Before the NRC makes its enforcement decision, we are providing you an opportunity to either (1) respond to the apparent violation addressed in this inspection report within 30 days of the date of this letter, (2) request a PEC to meet with the NRC and present your views in person, or (3) request Alternative Dispute Resolution (ADR). Alternately, you may choose to accept the apparent violation as characterized in this letter and its enclosure, in which case the NRC will proceed with an enforcement decision.

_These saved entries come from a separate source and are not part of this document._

(* Let $a>0$ and let $Y^{(1)},Y^{(2)}$ be independent $\chi^2_1$ random variables. Then the cdf $H(u)=P(Y^{(1)}+aY^{(2)}\le u)$ is concave on $(0,\infty)$. *)

theory Defs
  imports "HOL-Probability.Probability"
begin

definition chi2_1_density :: "real \<Rightarrow> real" where
  "chi2_1_density y = (if y > 0 then exp (- y / 2) / sqrt (2 * pi * y) else 0)"

end

theory Submission
  imports Defs
begin

(* Substituting y = s t / a in the convolution integral shows that for s > 0 the density of
   Y1 + a Y2 is a mixture of exponentials,
       h(s) = int_0^1 w(t) exp (- s r(t)) dt,
       w(t) = 1 / (2 pi sqrt a sqrt (t (1 - t))),   r(t) = (1 - t)/2 + t/(2 a),
   and h vanishes for s <= 0.  Integrating over (0, u] and swapping the integrals gives
       H(u) = int_0^1 w(t) (1 - exp (- u r(t))) / r(t) dt      (u > 0).
   For each fixed t the integrand is a nonnegative multiple of the concave function
   u |-> (1 - exp (- u c)) / c, and a pointwise integral of concave functions is concave. *)

lemma chi2_1_density_measurable [measurable]: "chi2_1_density \<in> borel_measurable borel"
  unfolding chi2_1_density_def by measurable

lemma chi2_1_density_nonneg: "chi2_1_density y \<ge> 0"
  unfolding chi2_1_density_def by auto

definition weighted_convolution :: "(real \<Rightarrow> real) \<Rightarrow> (real \<Rightarrow> real) \<Rightarrow> real \<Rightarrow> real \<Rightarrow> ennreal" where
  "weighted_convolution f1 f2 a s = (\<integral>\<^sup>+y. ennreal (f1 (s - a * y) * f2 y) \<partial>lborel)"

text \<open>Independence only depends on the measurable sets, so it can be transferred from \<open>borel\<close>
  to \<open>lborel\<close>, the form in which the joint-density theorem expects it.\<close>
lemma indep_var_lborel:
  fixes Y1 Y2 :: "'s \<Rightarrow> real"
  assumes "prob_space M" and "prob_space.indep_var M borel Y1 borel Y2"
  shows "prob_space.indep_var M lborel Y1 lborel Y2"
proof -
  have "(case i of True \<Rightarrow> lborel | False \<Rightarrow> lborel) = (lborel::real measure)"
    and "(case i of True \<Rightarrow> borel | False \<Rightarrow> borel) = (borel::real measure)" for i
    by (cases i; simp)+
  then show ?thesis
    using assms by (simp add: prob_space.indep_var_def prob_space.indep_vars_def2)
qed

text \<open>This is the change of variables \<open>s = x + a y\<close> in the joint density followed by Tonelli.\<close>
lemma cdf_weighted_sum_indep:
  fixes M :: "'s measure" and Y1 Y2 :: "'s \<Rightarrow> real" and f1 f2 :: "real \<Rightarrow> real" and a u :: real
  assumes "prob_space M"
    and f1 [measurable]: "f1 \<in> borel_measurable borel" and f1_nonneg: "\<And>y. f1 y \<ge> 0"
    and f2 [measurable]: "f2 \<in> borel_measurable borel" and f2_nonneg: "\<And>y. f2 y \<ge> 0"
    and D1: "distributed M lborel Y1 (\<lambda>y. ennreal (f1 y))"
    and D2: "distributed M lborel Y2 (\<lambda>y. ennreal (f2 y))"
    and indep: "prob_space.indep_var M borel Y1 borel Y2"
  shows "emeasure M {\<omega> \<in> space M. Y1 \<omega> + a * Y2 \<omega> \<le> u}
           = (\<integral>\<^sup>+s. weighted_convolution f1 f2 a s * indicator {..u} s \<partial>lborel)"
proof -
  interpret prob_space M by fact
  have joint: "distributed M (lborel \<Otimes>\<^sub>M lborel) (\<lambda>x. (Y1 x, Y2 x))
      (\<lambda>(x, y). ennreal (f1 x) * ennreal (f2 y))"
    by (rule distributed_joint_indep[OF sigma_finite_lborel sigma_finite_lborel D1 D2 indep_var_lborel[OF assms(1) indep]])
  define A where "A = {p \<in> space (lborel \<Otimes>\<^sub>M lborel). fst p + a * snd p \<le> u}"
  have A: "A \<in> sets (lborel \<Otimes>\<^sub>M lborel)" unfolding A_def by measurable
  have "{\<omega> \<in> space M. Y1 \<omega> + a * Y2 \<omega> \<le> u} = (\<lambda>x. (Y1 x, Y2 x)) -` A \<inter> space M"
    unfolding A_def by (auto simp: space_pair_measure)
  then have "emeasure M {\<omega> \<in> space M. Y1 \<omega> + a * Y2 \<omega> \<le> u}
      = (\<integral>\<^sup>+p. (\<lambda>(x, y). ennreal (f1 x) * ennreal (f2 y)) p * indicator A p \<partial>(lborel \<Otimes>\<^sub>M lborel))"
    using distributed_emeasure[OF joint A] by simp
  also have "\<dots> = (\<integral>\<^sup>+p. ennreal (f1 (fst p) * f2 (snd p) * indicator {..u} (fst p + a * snd p))
      \<partial>(lborel \<Otimes>\<^sub>M lborel))"
    by (intro nn_integral_cong)
      (auto simp: A_def space_pair_measure ennreal_mult f1_nonneg f2_nonneg indicator_def)
  also have "\<dots> = (\<integral>\<^sup>+y. \<integral>\<^sup>+x. ennreal (f1 x * f2 y * indicator {..u} (x + a * y)) \<partial>lborel \<partial>lborel)"
    by (subst lborel_pair.nn_integral_snd[symmetric]) measurable
  also have "\<dots> = (\<integral>\<^sup>+y. \<integral>\<^sup>+s. ennreal (f1 (s - a * y) * f2 y * indicator {..u} s) \<partial>lborel \<partial>lborel)"
  proof (rule nn_integral_cong)
    fix y :: real
    show "(\<integral>\<^sup>+x. ennreal (f1 x * f2 y * indicator {..u} (x + a * y)) \<partial>lborel)
        = (\<integral>\<^sup>+s. ennreal (f1 (s - a * y) * f2 y * indicator {..u} s) \<partial>lborel)"
      using nn_integral_real_affine[where c = 1 and t = "- a * y"
          and f = "\<lambda>x. ennreal (f1 x * f2 y * indicator {..u} (x + a * y))"]
      by simp
  qed
  also have "\<dots> = (\<integral>\<^sup>+s. \<integral>\<^sup>+y. ennreal (f1 (s - a * y) * f2 y * indicator {..u} s) \<partial>lborel \<partial>lborel)"
    by (rule lborel_pair.Fubini') measurable
  also have "\<dots> = (\<integral>\<^sup>+s. weighted_convolution f1 f2 a s * indicator {..u} s \<partial>lborel)"
    unfolding weighted_convolution_def
    by (intro nn_integral_cong, subst nn_integral_multc[symmetric])
      (auto intro!: nn_integral_cong simp: indicator_def)
  finally show ?thesis .
qed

If you choose to provide a written response, it should be clearly marked as a "Response to Apparent Violation" in NRC Inspection Report 03001303/2018001; EA-18-112 and should include for the apparent violation: (1) the reason for the apparent violation or, if contested, the basis for disputing the apparent violation; (2) the corrective steps that have been taken and the results achieved; (3) the corrective steps that will be taken; and (4) the date when full compliance will be achieved. Additionally, your response should be sent to the NRC's Document Control Center, Office of Nuclear Material Safety and Safeguards, U.S. Nuclear Regulatory Commission, Washington, DC 20555-0001 with a copy mailed to James Trapp, Director, DNMS, Region I, 2100 Renaissance Boulevard, Suite 100, King of Prussia, PA 19406-2713, within 30 days of the date of this letter. If an adequate response is not received within the time specified or an extension of time has not been granted by the NRC, the NRC will proceed with its enforcement decision or schedule a PEC.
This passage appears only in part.